The village sat in a small basin: stone buildings, wooden-framed windows, and along the roadside a row of post-like structures topped with small blue-white light sources, the same color as the deer’s antlers. The air held a faint sweetness, something I couldn’t quite place. I spent a while trying to identify it and eventually decided it was like an underripe Asian pear — present, but not quite there.

Peng Bao found a house that was somewhat larger than the others and gestured for me to go inside. There was a wooden bed, a thick rough-woven blanket, a ceramic basin, and a ceramic jug full of water.

Bare minimum. Still better than the grass.

That evening, Peng Bao brought food — some kind of stewed root vegetables and a dense, hard bread. I didn’t know what any of it was. I ate all of it. He sat in the doorway and watched me eat with an evaluating expression — not hostile, just waiting, like he was waiting to confirm something.

After dinner, I lay on the wooden bed and stared at the ceiling. I held up my phone.

“Jing-Jing. Situation assessment for today.”

“Based on today’s activity log, your estimated survival probability has risen from 34% this morning to 81% at present.”

I blinked.

“Wait. 34%?”

“Correct. When the environment was first detected this morning, probability was calculated based on unfamiliar terrain, language barrier, lack of supplies, and distance to the nearest water source—”

“You had me at a 34% chance of dying and you didn’t say anything?”

“You did not ask.”

I stared at the screen. Five seconds of silence.

“Okay,” I said. “Okay, fair enough. Going forward, please just tell me.”

“Noted. Tomorrow, priority recommendation: resolve the language barrier. Establishing basic communication will effectively reduce the risk level.”

“Good idea. How?”

“Average acquisition time for the common tongue is three to five years, depending on individual language aptitude. It is recommended that you—”

I set the phone down on my chest and stared at the wooden beams overhead.

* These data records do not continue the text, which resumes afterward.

lemma not_integrable_inverse_Ici:
  assumes a: "a > 0" and c: "c > 0"
  shows "\<not> integrable lborel (\<lambda>z::real. indicator {a..} z * (c / z))"
proof
  assume I: "integrable lborel (\<lambda>z::real. indicator {a..} z * (c / z))"
  define T where "T = (LINT z|lborel. indicator {a..} z * (c / z))"
  define b where "b = exp (T / c + ln a + 1)" \<comment> \<open>so that the integral of c/z over [a, b] is T + c\<close>
  have "T \<ge> 0"
    unfolding T_def using a c by (intro integral_nonneg_AE AE_I2) (auto simp: indicator_def)
  then have "ln a \<le> T / c + ln a + 1"
    using c by simp
  then have b: "a \<le> b"
    unfolding b_def using a by (metis exp_le_cancel_iff exp_ln)
  have "(LBINT z=a..b. c / z) = c * ln b - c * ln a"
  proof (rule interval_integral_FTC_finite)
    show "continuous_on {min a b..max a b} (\<lambda>z. c / z)"
      using a b by (intro continuous_intros) auto
    show "((\<lambda>z. c * ln z) has_vector_derivative c / x) (at x within {min a b..max a b})"
      if "min a b \<le> x" "x \<le> max a b" for x
      using that a b
      by (auto intro!: derivative_eq_intros simp: has_real_derivative_iff_has_vector_derivative[symmetric])
  qed
  also have "\<dots> = T + c"
    unfolding b_def using c by (simp add: algebra_simps)
  finally have "T + c = (LINT z|lborel. indicator {a..b} z * (c / z))"
    using b by (simp add: interval_integral_Icc set_lebesgue_integral_def)
  also have "\<dots> \<le> T"
    unfolding T_def using a c
    by (intro integral_mono[OF _ I] Bochner_Integration.integrable_bound[OF I])
      (auto simp: indicator_def)
  finally show False
    using c by simp
qed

Three to five years. Great.

I switched off Jing-Jing’s voice and let my eyes adjust to the dark. The window had no glass — just open air, and through it I could see the night sky. More stars than I’d ever seen over Taiwan, the density almost absurd, like someone had turned up the resolution by a factor of two. Out in the distance, the great tree’s faint blue glow was brighter in the darkness, pulsing slowly — like breathing, or like a heartbeat.

I picked up the phone and checked the battery: 22%.

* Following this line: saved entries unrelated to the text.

(* For every extended directed co-graph $G=(V,E)$ which is given by a binary ex-di-co-tree, the directed path-width $\mathrm{dpw}(G)$ and the directed tree-width $\mathrm{dtw}(G)$ can be computed in time $O(|V|)$.
   Context: Digraphs are finite, without loops or multiple arcs. For vertex-disjoint digraphs $G_1,\ldots,G_k$: the series composition $\otimes$ is their disjoint union plus all arcs in both directions between vertices of different $G_i$; a directed union $\ominus$ is any digraph obtained from their disjoint union by adding some (possibly none or all) arcs from vertices of $G_i$ to vertices of $G_j$ with $i<j$. Extended directed co-graphs: single-vertex digraphs, and closure under directed union and series composition. An ex-di-co-tree for $G$ is a rooted tree whose leaves correspond to the vertices of $G$ and whose inner nodes correspond to directed union or series composition operations applied to the digraphs defined by the child subtrees (in order), so that the root yields $G$; it is binary if every inner node has exactly two children. Directed path-width: a directed path-decomposition of $G=(V,E)$ is a sequence $(X_1,\ldots,X_r)$ of subsets of $V$ with $\bigcup X_i=V$, for each arc $(u,v)$ some $i\le j$ with $u\in X_i,v\in X_j$, and for each vertex the bags containing it having consecutive indices; width $\max|X_i|-1$; $\mathrm{dpw}(G)$ is the minimum width. Directed tree-width: for $Z\subseteq V$, $S\subseteq V$ is $Z$-normal if no directed walk in $G-Z$ with first and last vertex in $S$ uses a vertex of $G-(Z\cup S)$. A directed tree-decomposition is $(T,\mathcal{X},\mathcal{W})$ with $T=(V_T,E_T)$ an out-tree (rooted, arcs directed away from root; $u\le v$ means a directed path of $\ge0$ arcs from $u$ to $v$), $\mathcal{X}=\{X_e:e\in E_T\}$, $\mathcal{W}=\{W_r:r\in V_T\}$ subsets of $V$, such that $\mathcal{W}$ partitions $V$ into nonempty sets and for each $(u,v)\in E_T$ the set $\bigcup\{W_r: v\le r\}$ is $X_{(u,v)}$-normal; width $\max_r|W_r\cup\bigcup_{e\sim r}X_e|-1$ ($e\sim r$: $r$ is an end of $e$); $\mathrm{dtw}(G)$ is the minimum width. *)

theory Defs
  imports Main
begin

definition digraph :: "'a set \<Rightarrow> ('a \<times> 'a) set \<Rightarrow> bool" where
  "digraph V E \<longleftrightarrow> finite V \<and> E \<subseteq> V \<times> V \<and> (\<forall>v. (v, v) \<notin> E)"

datatype 'a exdico_tree =
    Leaf 'a
  | DUnion "'a exdico_tree" "'a exdico_tree"
  | Series "'a exdico_tree" "'a exdico_tree"

inductive is_exdico_tree :: "'a exdico_tree \<Rightarrow> 'a set \<Rightarrow> ('a \<times> 'a) set \<Rightarrow> bool" where
  leaf: "is_exdico_tree (Leaf v) {v} {}"
| dunion: "\<lbrakk> is_exdico_tree t1 V1 E1; is_exdico_tree t2 V2 E2; V1 \<inter> V2 = {};
            E1 \<union> E2 \<subseteq> E; E \<subseteq> E1 \<union> E2 \<union> (V1 \<times> V2) \<rbrakk>
           \<Longrightarrow> is_exdico_tree (DUnion t1 t2) (V1 \<union> V2) E"
| series: "\<lbrakk> is_exdico_tree t1 V1 E1; is_exdico_tree t2 V2 E2; V1 \<inter> V2 = {} \<rbrakk>
           \<Longrightarrow> is_exdico_tree (Series t1 t2) (V1 \<union> V2) (E1 \<union> E2 \<union> (V1 \<times> V2) \<union> (V2 \<times> V1))"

This thing was my only translator, encyclopedia, and something approaching a therapist in this world. I was going to keep it alive as long as I possibly could.

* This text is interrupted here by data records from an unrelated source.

theorem lemma3p2:
  fixes s k n j :: nat and Y :: "real^'d::finite \<Rightarrow> real"
  assumes "s \<ge> 1"
    and "2 * j \<le> n"
    and "Y \<in> harmonic_space (n - 2 * j)"
  shows "(s \<le> j \<longrightarrow> (\<forall>x.
            Pbasis (- real s) (int n) (int j) Y x =
              pochhammer (1 - real n - real CARD('d) / 2) j
              / (pochhammer (- real j) s * pochhammer (1 - real n - real CARD('d) / 2 + 2 * real s) (j - s))
              * ((norm x)\<^sup>2 - 1) ^ s * Pbasis (real s) (int n - 2 * int s) (int j - int s) Y x))
       \<and> (\<exists>q :: real poly.
            (q = 0 \<or> int (degree q) \<le>
               int (jac_j0 (- real s) (real n - 2 * real j + real CARD('d) / 2 - 1) j) - int k - 1)
          \<and> (s \<le> j + k \<longrightarrow> q = 0)
          \<and> (\<forall>x. (laplacian ^^ k) (Pbasis (- real s) (int n) (int j) Y) x =
                 4 ^ k * pochhammer (real n + real CARD('d) / 2 - 2 * real k) (2 * k)
                   * Pbasis (2 * real k - real s) (int n - 2 * int k) (int j - int k) Y x
                 + poly q ((norm x)\<^sup>2) * Y x))"
proof -
  define m where "m = n - 2 * j"
  have n: "n = m + 2 * j"
    using assms(2) unfolding m_def by simp
  define \<beta> where "\<beta> = real m + real CARD('d) / 2 - 1"
  have \<beta>: "real n - 2 * real j + real CARD('d) / 2 - 1 = \<beta>" "\<beta> > -1"
    unfolding \<beta>_def n using half_dimension_shift_gt by simp_all
  obtain q where deg: "q = 0 \<or> degree q + k + 1 \<le> jac_j0 (- real s) \<beta> j"
    and lap: "\<And>x. (laplacian ^^ k) (Pbasis (- real s) (int n) (int j) Y) x =
           4 ^ k * pochhammer (real n + real CARD('d) / 2 - 2 * real k) (2 * k)
             * Pbasis (- real s + 2 * real k) (int n - 2 * int k) (int j - int k) Y x
           + poly q ((norm x)\<^sup>2) * Y x"
    using funpow_laplacian_Pbasis[OF assms(3)[folded m_def] n] unfolding \<beta>_def by blast
  have "q = 0 \<or> int (degree q) \<le> int (jac_j0 (- real s) \<beta> j) - int k - 1"
    using deg by linarith
  moreover have "s \<le> j + k \<longrightarrow> q = 0"
    using deg jac_j0_neg_param_le[OF \<beta>(2)] by fastforce
  moreover have "2 * real k - real s = - real s + 2 * real k"
    by simp
  ultimately show ?thesis
    using Pbasis_neg_param_eq[OF _ n] lap unfolding \<beta>(1)
    by (intro conjI impI allI exI[of _ q]) simp_all
qed

end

But before I put it down, I thought back to the walk into the village. Peng Bao had kept glancing at me — at the phone, specifically — with an expression that didn’t quite sit right. He hadn’t looked like someone encountering something completely new. He’d looked like something else.

I was too tired to figure out what.

I closed my eyes, tucked the phone under my hoodie, pulled the blanket up, and listened to the distant water through the open window. I thought about Jing-Jing saying “three to five years” in that completely flat voice, the same voice it uses to report tomorrow’s weather.

The last thing on my mind before I fell asleep was not why am I here and not how do I get back.

It was: 22%. Can’t let it keep dropping.